### Data supplied
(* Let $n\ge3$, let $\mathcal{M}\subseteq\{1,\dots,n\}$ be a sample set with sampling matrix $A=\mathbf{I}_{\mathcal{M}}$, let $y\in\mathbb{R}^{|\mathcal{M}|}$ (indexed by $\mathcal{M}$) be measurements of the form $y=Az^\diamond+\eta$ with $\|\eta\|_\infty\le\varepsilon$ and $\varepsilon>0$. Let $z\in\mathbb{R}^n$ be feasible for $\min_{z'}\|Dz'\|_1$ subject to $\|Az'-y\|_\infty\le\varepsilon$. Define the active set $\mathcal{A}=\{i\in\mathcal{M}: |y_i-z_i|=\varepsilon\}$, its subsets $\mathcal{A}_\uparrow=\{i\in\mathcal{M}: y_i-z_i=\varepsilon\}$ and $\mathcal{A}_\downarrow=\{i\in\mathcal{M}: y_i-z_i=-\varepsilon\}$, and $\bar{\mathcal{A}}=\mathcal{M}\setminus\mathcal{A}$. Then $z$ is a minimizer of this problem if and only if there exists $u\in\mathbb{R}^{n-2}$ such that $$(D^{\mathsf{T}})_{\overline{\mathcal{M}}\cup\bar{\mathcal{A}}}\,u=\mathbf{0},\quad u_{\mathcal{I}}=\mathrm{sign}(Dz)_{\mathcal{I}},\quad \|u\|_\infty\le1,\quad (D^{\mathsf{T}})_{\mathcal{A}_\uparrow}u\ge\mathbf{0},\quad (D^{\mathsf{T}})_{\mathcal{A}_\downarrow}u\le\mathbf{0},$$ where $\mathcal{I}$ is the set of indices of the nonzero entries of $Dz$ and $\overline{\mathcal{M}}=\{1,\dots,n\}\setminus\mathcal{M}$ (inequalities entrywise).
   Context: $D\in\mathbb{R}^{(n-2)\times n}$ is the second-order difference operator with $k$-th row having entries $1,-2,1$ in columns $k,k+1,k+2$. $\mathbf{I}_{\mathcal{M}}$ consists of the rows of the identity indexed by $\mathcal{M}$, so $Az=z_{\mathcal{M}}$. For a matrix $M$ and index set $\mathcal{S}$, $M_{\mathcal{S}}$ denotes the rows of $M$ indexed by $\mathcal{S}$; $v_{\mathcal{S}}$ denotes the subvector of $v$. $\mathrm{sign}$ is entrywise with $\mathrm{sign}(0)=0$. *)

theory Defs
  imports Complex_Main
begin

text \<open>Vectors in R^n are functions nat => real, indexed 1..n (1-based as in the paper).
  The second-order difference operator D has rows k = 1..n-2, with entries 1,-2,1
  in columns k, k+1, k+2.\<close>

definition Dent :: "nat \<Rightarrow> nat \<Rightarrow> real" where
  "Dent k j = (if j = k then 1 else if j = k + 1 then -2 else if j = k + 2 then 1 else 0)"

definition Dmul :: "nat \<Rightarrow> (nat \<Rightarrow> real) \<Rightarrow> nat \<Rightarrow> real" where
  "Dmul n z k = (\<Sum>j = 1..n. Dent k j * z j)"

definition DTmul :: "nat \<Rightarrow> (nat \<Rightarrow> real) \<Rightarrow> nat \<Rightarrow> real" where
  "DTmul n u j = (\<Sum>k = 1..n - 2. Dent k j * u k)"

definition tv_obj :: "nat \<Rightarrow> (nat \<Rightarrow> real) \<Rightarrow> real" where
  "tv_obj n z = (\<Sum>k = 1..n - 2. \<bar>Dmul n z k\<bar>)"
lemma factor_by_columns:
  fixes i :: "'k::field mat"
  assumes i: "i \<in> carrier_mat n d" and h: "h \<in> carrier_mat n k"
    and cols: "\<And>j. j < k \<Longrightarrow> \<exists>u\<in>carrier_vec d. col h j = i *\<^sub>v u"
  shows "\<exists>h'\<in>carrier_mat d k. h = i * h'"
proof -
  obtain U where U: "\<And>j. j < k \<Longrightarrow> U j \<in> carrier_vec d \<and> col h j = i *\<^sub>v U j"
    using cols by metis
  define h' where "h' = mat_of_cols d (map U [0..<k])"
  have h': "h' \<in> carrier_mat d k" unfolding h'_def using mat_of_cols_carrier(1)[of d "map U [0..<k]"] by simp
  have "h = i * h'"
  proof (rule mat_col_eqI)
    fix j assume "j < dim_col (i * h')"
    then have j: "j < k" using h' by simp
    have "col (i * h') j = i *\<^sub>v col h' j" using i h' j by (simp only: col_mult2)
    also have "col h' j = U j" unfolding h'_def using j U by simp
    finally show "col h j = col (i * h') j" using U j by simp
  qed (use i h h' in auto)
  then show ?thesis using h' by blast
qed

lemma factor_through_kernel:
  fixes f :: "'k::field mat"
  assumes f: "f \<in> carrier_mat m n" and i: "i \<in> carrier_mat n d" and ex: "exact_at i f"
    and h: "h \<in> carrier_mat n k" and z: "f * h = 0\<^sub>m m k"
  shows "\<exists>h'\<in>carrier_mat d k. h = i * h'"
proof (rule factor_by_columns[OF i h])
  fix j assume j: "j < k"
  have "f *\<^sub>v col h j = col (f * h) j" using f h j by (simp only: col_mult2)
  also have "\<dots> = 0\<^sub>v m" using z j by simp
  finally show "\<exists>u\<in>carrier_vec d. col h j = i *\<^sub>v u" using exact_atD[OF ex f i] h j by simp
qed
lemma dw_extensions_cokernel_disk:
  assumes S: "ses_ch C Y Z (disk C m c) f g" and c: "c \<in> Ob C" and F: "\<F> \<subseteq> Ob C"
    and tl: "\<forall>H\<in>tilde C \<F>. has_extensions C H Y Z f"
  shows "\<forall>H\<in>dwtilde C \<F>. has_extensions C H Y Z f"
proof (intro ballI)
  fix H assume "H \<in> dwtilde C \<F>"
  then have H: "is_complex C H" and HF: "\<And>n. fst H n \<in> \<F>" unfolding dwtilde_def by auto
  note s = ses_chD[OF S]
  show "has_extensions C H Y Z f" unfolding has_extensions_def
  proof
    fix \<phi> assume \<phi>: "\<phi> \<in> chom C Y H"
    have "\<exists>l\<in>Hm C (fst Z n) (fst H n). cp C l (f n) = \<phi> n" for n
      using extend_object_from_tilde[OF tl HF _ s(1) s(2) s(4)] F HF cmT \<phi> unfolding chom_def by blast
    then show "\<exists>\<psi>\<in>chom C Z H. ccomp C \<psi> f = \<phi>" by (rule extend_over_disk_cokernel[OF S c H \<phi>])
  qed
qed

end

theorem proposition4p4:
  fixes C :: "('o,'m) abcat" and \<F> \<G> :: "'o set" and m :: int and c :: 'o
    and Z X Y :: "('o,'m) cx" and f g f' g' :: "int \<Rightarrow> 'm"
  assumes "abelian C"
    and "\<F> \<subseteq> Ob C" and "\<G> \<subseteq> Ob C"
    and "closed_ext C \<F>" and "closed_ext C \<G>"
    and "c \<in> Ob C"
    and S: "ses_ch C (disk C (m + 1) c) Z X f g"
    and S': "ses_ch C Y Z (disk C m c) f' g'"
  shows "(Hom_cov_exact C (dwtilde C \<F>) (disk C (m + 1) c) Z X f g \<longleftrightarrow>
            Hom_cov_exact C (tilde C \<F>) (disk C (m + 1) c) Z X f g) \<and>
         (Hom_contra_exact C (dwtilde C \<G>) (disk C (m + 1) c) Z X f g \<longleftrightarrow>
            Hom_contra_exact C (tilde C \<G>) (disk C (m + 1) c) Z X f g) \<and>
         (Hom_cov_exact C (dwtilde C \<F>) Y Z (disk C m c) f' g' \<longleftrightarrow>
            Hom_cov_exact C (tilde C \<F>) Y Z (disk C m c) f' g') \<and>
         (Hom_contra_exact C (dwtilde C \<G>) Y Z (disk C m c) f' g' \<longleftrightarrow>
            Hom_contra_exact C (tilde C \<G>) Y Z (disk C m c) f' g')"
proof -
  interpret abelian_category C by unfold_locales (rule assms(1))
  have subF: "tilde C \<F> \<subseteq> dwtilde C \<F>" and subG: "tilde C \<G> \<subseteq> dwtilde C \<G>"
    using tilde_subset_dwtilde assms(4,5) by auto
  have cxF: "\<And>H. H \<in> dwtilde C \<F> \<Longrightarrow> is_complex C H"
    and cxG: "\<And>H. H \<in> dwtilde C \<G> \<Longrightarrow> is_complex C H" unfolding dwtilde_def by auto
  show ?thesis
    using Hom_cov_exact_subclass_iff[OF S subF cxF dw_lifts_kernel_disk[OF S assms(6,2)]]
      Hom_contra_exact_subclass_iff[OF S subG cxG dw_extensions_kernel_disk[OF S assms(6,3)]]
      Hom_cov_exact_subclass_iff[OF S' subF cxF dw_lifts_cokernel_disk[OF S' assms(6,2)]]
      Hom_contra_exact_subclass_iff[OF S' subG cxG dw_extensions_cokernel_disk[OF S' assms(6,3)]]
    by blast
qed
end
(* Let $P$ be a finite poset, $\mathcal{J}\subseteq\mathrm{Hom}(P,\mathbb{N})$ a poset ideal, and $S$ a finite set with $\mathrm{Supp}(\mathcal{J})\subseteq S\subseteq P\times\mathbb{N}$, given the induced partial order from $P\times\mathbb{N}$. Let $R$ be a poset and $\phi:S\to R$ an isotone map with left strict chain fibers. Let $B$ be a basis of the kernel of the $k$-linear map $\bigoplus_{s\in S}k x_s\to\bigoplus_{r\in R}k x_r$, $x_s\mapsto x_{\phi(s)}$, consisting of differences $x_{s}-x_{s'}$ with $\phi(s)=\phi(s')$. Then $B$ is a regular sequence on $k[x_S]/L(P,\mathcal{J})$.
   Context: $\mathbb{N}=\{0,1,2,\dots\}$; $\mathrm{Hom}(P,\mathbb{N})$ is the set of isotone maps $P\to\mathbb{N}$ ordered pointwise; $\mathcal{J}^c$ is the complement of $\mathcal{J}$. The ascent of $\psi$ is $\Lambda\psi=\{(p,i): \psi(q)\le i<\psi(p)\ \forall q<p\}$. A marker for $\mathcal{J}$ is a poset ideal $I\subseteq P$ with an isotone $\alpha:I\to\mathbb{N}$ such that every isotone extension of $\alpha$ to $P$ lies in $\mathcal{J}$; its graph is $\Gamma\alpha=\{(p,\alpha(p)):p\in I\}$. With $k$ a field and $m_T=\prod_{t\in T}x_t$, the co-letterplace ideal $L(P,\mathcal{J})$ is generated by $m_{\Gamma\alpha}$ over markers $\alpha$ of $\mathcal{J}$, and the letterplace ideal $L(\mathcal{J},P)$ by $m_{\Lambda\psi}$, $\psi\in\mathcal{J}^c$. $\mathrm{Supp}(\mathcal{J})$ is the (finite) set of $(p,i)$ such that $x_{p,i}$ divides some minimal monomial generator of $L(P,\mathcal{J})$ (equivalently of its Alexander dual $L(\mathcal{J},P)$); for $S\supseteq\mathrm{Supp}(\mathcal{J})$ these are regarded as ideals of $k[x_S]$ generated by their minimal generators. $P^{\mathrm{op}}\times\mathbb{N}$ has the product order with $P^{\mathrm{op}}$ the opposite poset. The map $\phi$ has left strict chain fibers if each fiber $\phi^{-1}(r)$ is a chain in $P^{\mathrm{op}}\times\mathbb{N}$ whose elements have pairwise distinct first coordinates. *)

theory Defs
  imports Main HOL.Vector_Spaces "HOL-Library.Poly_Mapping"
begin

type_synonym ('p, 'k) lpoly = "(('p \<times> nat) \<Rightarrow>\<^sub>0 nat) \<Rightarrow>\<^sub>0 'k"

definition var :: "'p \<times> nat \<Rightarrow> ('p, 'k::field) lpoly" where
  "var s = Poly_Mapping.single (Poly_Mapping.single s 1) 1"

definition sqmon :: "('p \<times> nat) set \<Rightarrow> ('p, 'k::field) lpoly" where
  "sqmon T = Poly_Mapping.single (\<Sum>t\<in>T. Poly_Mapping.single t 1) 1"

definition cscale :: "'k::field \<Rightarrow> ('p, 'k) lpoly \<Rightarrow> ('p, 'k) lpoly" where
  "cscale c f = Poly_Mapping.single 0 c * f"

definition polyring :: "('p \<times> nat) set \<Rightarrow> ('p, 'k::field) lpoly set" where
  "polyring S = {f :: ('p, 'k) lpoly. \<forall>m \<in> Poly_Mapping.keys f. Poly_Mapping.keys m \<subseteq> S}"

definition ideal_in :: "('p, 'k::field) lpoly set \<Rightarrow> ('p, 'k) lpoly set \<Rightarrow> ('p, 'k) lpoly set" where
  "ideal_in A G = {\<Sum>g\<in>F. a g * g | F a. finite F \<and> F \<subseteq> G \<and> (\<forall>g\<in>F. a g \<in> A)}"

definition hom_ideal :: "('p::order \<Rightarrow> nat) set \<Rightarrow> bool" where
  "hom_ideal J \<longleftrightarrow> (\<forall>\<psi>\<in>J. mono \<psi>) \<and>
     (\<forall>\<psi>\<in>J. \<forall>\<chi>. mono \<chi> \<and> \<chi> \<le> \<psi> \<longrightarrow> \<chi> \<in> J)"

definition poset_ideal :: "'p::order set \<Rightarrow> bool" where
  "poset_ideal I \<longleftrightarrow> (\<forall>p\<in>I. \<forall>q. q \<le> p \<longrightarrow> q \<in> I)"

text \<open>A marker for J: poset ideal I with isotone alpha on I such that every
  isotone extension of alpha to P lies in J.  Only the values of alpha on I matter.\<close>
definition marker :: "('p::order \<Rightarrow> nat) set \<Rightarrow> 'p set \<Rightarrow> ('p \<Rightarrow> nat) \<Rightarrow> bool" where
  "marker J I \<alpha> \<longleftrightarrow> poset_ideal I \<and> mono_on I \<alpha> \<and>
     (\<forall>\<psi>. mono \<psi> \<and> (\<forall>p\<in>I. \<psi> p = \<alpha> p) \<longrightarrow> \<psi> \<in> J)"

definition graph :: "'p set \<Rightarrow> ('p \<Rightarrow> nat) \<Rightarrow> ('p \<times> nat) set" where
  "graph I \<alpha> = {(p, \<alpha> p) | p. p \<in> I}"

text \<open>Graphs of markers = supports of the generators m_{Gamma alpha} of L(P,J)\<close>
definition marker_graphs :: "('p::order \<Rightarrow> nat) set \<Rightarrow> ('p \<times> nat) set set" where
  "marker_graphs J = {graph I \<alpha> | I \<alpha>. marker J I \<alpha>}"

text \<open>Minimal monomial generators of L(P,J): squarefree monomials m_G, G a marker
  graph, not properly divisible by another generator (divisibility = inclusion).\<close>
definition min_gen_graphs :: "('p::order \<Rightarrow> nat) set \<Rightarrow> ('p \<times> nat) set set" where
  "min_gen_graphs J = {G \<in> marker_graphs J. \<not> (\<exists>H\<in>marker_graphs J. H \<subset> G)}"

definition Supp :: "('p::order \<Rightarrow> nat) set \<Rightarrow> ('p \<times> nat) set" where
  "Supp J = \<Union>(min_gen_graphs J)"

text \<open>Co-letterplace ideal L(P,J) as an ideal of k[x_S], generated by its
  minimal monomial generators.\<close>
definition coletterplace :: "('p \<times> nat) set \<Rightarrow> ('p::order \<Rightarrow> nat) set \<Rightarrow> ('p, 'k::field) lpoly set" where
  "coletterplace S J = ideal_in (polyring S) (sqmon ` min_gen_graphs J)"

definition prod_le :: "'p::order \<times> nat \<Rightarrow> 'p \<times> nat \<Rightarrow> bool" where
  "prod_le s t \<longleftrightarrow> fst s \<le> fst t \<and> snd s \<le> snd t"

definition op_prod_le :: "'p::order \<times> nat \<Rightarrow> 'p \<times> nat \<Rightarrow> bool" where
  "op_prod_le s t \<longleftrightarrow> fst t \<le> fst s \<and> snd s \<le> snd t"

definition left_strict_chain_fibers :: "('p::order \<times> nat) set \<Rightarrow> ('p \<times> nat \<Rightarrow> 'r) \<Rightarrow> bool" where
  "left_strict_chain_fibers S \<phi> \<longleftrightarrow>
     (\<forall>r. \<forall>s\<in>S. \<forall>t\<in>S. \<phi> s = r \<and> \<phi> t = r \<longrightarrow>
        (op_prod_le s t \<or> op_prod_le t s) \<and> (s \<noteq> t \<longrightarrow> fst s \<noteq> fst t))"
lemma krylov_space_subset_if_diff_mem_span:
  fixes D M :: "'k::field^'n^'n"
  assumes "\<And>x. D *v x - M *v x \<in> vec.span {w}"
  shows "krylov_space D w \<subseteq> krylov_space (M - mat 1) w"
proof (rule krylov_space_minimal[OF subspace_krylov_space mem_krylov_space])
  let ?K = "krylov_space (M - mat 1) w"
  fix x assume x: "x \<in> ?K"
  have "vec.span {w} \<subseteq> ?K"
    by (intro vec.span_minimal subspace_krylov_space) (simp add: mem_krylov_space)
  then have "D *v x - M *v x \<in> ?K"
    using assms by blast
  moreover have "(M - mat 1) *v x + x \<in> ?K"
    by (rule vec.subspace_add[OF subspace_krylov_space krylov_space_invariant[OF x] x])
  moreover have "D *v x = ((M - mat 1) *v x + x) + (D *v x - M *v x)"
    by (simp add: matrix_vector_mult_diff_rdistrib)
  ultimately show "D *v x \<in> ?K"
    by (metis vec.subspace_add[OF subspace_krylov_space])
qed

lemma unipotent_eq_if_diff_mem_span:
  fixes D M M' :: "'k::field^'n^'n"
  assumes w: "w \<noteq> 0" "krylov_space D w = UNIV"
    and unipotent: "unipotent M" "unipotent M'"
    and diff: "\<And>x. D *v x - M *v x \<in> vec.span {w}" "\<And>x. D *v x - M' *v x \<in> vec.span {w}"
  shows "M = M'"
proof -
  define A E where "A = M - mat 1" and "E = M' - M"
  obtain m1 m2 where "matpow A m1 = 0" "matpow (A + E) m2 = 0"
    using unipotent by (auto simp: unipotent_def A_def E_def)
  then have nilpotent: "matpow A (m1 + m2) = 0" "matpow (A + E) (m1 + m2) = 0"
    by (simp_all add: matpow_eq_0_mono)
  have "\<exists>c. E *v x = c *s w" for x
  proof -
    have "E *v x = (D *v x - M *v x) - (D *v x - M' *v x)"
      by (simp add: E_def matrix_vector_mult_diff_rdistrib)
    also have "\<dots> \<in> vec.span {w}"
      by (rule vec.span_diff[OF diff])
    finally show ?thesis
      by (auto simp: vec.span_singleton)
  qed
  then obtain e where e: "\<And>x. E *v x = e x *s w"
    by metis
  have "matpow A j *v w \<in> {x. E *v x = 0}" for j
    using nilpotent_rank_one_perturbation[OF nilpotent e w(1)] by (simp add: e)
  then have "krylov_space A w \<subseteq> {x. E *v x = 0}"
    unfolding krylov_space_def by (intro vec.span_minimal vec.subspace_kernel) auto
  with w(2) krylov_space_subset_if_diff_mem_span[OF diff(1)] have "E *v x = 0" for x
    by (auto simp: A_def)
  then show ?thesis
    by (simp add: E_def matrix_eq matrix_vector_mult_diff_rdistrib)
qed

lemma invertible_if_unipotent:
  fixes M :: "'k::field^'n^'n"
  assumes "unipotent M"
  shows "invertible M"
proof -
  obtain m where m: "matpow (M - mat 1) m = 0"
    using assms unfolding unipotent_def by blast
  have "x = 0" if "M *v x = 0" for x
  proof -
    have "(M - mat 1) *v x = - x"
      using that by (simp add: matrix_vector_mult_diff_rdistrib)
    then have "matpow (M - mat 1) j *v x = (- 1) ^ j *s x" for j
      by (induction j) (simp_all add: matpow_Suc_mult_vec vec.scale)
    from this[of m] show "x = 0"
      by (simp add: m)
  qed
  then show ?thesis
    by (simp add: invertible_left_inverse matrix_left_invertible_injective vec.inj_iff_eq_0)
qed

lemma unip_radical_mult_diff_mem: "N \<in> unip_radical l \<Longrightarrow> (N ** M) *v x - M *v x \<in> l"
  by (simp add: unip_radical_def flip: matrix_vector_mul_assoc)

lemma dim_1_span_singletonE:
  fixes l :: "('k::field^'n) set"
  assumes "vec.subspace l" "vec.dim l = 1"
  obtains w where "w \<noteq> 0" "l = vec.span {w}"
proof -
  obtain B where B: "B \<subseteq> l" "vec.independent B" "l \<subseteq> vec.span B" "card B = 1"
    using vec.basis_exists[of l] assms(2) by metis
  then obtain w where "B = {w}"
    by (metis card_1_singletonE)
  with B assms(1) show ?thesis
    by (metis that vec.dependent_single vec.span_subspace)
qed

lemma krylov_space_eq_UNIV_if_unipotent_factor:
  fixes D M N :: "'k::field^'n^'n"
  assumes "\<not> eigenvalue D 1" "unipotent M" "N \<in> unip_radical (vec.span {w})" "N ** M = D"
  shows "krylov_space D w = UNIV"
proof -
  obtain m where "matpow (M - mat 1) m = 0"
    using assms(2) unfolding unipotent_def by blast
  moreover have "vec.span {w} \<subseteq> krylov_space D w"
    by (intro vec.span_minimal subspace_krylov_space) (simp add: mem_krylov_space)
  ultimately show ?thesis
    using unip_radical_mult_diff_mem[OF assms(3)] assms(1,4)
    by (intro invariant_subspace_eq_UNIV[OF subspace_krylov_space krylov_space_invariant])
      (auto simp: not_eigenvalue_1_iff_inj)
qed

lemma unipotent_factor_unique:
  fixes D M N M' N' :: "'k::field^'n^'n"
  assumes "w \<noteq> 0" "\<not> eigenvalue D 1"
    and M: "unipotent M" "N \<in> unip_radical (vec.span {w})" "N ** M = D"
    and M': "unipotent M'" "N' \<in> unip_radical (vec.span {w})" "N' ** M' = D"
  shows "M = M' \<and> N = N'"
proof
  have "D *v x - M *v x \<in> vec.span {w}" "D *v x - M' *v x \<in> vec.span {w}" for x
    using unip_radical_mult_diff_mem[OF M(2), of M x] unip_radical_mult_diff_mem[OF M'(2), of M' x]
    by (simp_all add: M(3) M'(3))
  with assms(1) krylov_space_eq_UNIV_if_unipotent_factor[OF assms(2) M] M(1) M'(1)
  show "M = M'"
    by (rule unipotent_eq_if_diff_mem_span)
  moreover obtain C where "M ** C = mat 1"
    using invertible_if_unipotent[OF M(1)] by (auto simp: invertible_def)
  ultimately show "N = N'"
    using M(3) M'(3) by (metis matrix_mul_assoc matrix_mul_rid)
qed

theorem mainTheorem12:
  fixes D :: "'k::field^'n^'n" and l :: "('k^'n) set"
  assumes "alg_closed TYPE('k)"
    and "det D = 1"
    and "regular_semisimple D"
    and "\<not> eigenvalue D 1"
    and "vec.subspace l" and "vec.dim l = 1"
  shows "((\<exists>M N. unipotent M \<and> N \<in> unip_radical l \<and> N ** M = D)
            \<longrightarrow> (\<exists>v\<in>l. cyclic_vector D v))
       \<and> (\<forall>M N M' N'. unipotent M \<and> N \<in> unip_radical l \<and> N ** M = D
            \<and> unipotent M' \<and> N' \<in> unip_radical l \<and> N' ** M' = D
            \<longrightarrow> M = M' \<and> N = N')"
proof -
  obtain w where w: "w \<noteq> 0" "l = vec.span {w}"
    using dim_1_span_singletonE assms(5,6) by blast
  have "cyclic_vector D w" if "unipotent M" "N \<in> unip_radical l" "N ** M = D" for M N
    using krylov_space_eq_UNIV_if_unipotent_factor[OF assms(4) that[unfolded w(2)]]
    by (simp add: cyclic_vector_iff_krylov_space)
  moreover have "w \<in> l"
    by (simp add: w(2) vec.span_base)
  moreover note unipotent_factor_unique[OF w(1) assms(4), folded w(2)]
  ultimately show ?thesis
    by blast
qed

### What is needed
Going back over the entries above, copy word for word every line from the one that has "in columns k, k+1, k+2.\<close>" on through the one that has "obtain U where".

### Output below
  in columns k, k+1, k+2.\<close>

definition Dent :: "nat \<Rightarrow> nat \<Rightarrow> real" where
  "Dent k j = (if j = k then 1 else if j = k + 1 then -2 else if j = k + 2 then 1 else 0)"

definition Dmul :: "nat \<Rightarrow> (nat \<Rightarrow> real) \<Rightarrow> nat \<Rightarrow> real" where
  "Dmul n z k = (\<Sum>j = 1..n. Dent k j * z j)"

definition DTmul :: "nat \<Rightarrow> (nat \<Rightarrow> real) \<Rightarrow> nat \<Rightarrow> real" where
  "DTmul n u j = (\<Sum>k = 1..n - 2. Dent k j * u k)"

definition tv_obj :: "nat \<Rightarrow> (nat \<Rightarrow> real) \<Rightarrow> real" where
  "tv_obj n z = (\<Sum>k = 1..n - 2. \<bar>Dmul n z k\<bar>)"
lemma factor_by_columns:
  fixes i :: "'k::field mat"
  assumes i: "i \<in> carrier_mat n d" and h: "h \<in> carrier_mat n k"
    and cols: "\<And>j. j < k \<Longrightarrow> \<exists>u\<in>carrier_vec d. col h j = i *\<^sub>v u"
  shows "\<exists>h'\<in>carrier_mat d k. h = i * h'"
proof -
  obtain U where U: "\<And>j. j < k \<Longrightarrow> U j \<in> carrier_vec d \<and> col h j = i *\<^sub>v U j"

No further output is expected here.